The advanced IED’s have already killed American
troops, and mortars allegedly traceable to Iran have
been used in attacks on Sunni areas of Baghdad.
Is the IRGC operating in Kurdish northern Iraq? Of
course they are - they’ve been there since at least
1991. Soon after the Iraqi defeat in Kuwait, IRGC
officers conducted clandestine and covert operations
in the southern Shia area and the northern Kurdish
area, and have been active there ever since.
The raid earlier this month on the Iranian facility
causes problems for the Kurdish Regional Government
and its autonomous region in northern Iraq. Since
the Iranians claim that the facility was an Iranian
consulate that had been in operation in the Kurdish
enclave for years, it created a diplomatic incident.
Having served in northern Iraq, including Erbil, and
observing Iranian operations, I am skeptical that
the facility was, in fact, a consulate.
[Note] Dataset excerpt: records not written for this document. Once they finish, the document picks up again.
(* Let $\Gamma$ be a finitely generated abelian group, $\mathcal{A}=\{\alpha_1,\dots,\alpha_n\}\subset\Gamma$ a finite list, $G$ a torsion-wise finite abelian group, and fix $\alpha_i\in\mathcal{A}$. Let $\mathcal{A}'=\mathcal{A}\smallsetminus\{\alpha_i\}\subset\Gamma$ and $\mathcal{A}''=\{\overline{\alpha_j}\mid j\ne i\}\subset\Gamma/\langle\alpha_i\rangle$, both lists indexed by $[n]\smallsetminus\{i\}$ so that the variables $v_j$ ($j\neq i$) are attached to the same index. Then $$Z^G_{\mathcal{A}}(q,\boldsymbol v)=\begin{cases}Z^G_{\mathcal{A}'}(q,\boldsymbol v)+v_i\,Z^G_{\mathcal{A}''}(q,\boldsymbol v),&\text{if }\alpha_i\text{ is a loop},\\ Z^G_{\mathcal{A}'}(q,\boldsymbol v)+v_i\,q^{-1}\,Z^G_{\mathcal{A}''}(q,\boldsymbol v),&\text{otherwise.}\end{cases}$$
   Context: An abelian group $G$ is torsion-wise finite if $G[d]=\{x\in G\mid dx=0\}$ is finite for every $d>0$. Lists are multisets with sublists distinguished by index. For a sublist $\mathcal{S}$ of a list in a finitely generated abelian group $\Gamma$, $r_{\mathcal{S}}$ is the rank of $\langle\mathcal{S}\rangle$ and the $G$-multiplicity is $m(\mathcal{S};G)=\#\mathrm{Hom}((\Gamma/\langle\mathcal{S}\rangle)_{\mathrm{tor}},G)$ (the subscript tor denotes the torsion subgroup). The multivariate $G$-Tutte polynomial is $Z^G_{\mathcal{A}}(q,v_1,\dots,v_n)=\sum_{\mathcal{S}\subset\mathcal{A}}m(\mathcal{S};G)\,q^{-r_{\mathcal{S}}}\prod_{\alpha_i\in\mathcal{S}}v_i$ (for $\mathcal{A}''$ the multiplicities and ranks are computed in $\Gamma/\langle\alpha_i\rangle$). An element $\alpha\in\mathcal{A}$ is a loop if $\alpha\in\Gamma_{\mathrm{tor}}$. *)

theory Defs
  imports "HOL-Algebra.Algebra" Complex_Main
begin

definition torsion_set :: "('a, 'b) monoid_scheme \<Rightarrow> 'a set" where
  "torsion_set H = {x \<in> carrier H. \<exists>n::nat. n > 0 \<and> x [^]\<^bsub>H\<^esub> n = \<one>\<^bsub>H\<^esub>}"

definition torsion_group :: "('a, 'b) monoid_scheme \<Rightarrow> ('a, 'b) monoid_scheme" where
  "torsion_group H = H\<lparr>carrier := torsion_set H\<rparr>"

definition torsion_wise_finite :: "('a, 'b) monoid_scheme \<Rightarrow> bool" where
  "torsion_wise_finite G \<longleftrightarrow>
     (\<forall>d::nat. d > 0 \<longrightarrow> finite {x \<in> carrier G. x [^]\<^bsub>G\<^esub> d = \<one>\<^bsub>G\<^esub>})"

definition finitely_generated_group :: "('a, 'b) monoid_scheme \<Rightarrow> bool" where
  "finitely_generated_group H \<longleftrightarrow>
     (\<exists>S. finite S \<and> S \<subseteq> carrier H \<and> generate H S = carrier H)"

(* #Hom(A,B): homomorphisms are counted as functions on the carrier of A *)
definition num_hom :: "('a, 'b) monoid_scheme \<Rightarrow> ('c, 'd) monoid_scheme \<Rightarrow> nat" where
  "num_hom A B = card ((\<lambda>h. restrict h (carrier A)) ` hom A B)"

definition lin_indep :: "('a, 'b) monoid_scheme \<Rightarrow> 'a set \<Rightarrow> bool" where
  "lin_indep H Xs \<longleftrightarrow> finite Xs \<and> Xs \<subseteq> carrier H \<and>
     (\<forall>c :: 'a \<Rightarrow> int. finprod H (\<lambda>x. x [^]\<^bsub>H\<^esub> (c x)) Xs = \<one>\<^bsub>H\<^esub> \<longrightarrow> (\<forall>x\<in>Xs. c x = 0))"

definition ab_rank :: "('a, 'b) monoid_scheme \<Rightarrow> nat" where
  "ab_rank H = Max {card Xs | Xs. lin_indep H Xs}"

definition gen_rank :: "('a, 'b) monoid_scheme \<Rightarrow> 'a set \<Rightarrow> nat" where
  "gen_rank Gam Xs = ab_rank (Gam\<lparr>carrier := generate Gam Xs\<rparr>)"

definition G_mult :: "('a, 'b) monoid_scheme \<Rightarrow> ('c, 'd) monoid_scheme \<Rightarrow> 'a set \<Rightarrow> nat" where
  "G_mult Gam G Xs = num_hom (torsion_group (Gam Mod generate Gam Xs)) G"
Since the
raid, Iraqi foreign minister Hoshyar Zebari, himself
a Kurd, has demanded that the United States release
the five “consular officials.”
The incident highlights the conflict the Kurds face.
They are part of Iraq, but are not Arabs like 80
percent of the population.
For almost the entire period that the Baath Party
ruled Iraq, they were the target of a genocidal
campaign aimed at eradicating their separate
identity. During that time, the Kurds – at times out
of necessity – developed a close relationship with
the Iranians.
When Saddam Hussein’s forces attacked the Kurdish
village of Halabja with chemical weapons, when the
Iraqi army killed thousands of Kurds in the Anfal
campaign, the Iranians became the Kurds’ only ally.
Iran provided refuge to hundreds of thousands of
Kurds, creating a bond that is hard to break and
hard to ignore. When no one else seemed to care
about their plight, Iran opened its borders to them.
Now that Saddam is gone and the Kurds have
established an autonomous region in the north, the
Iranians are exploiting that past relationship.
After the fall of Baghdad in 2003, the Iranians
greatly expanded their presence in the Kurdish north
as well as with their fellow Shia Muslims in the
south.
The Iranian presence is not a good thing for the
American efforts in Iraq. It also presents problems
for the Kurds, easily America’s best allies among
the Iraqis. The Kurds are balancing their close
relationship with America against their close
relationship with the Iranians. When more raids like
the one in Erbil occur in the future – and they
will, given new orders to U.S. forces to no longer
“catch and release” Iranian operatives, but to
capture and kill them – the Kurds will have to
decide which relationship means more.
You can’t have it both ways. Just like the Iraqi
government of Nuri al-Maliki, they have to decide if
they are with us or with the Iranians.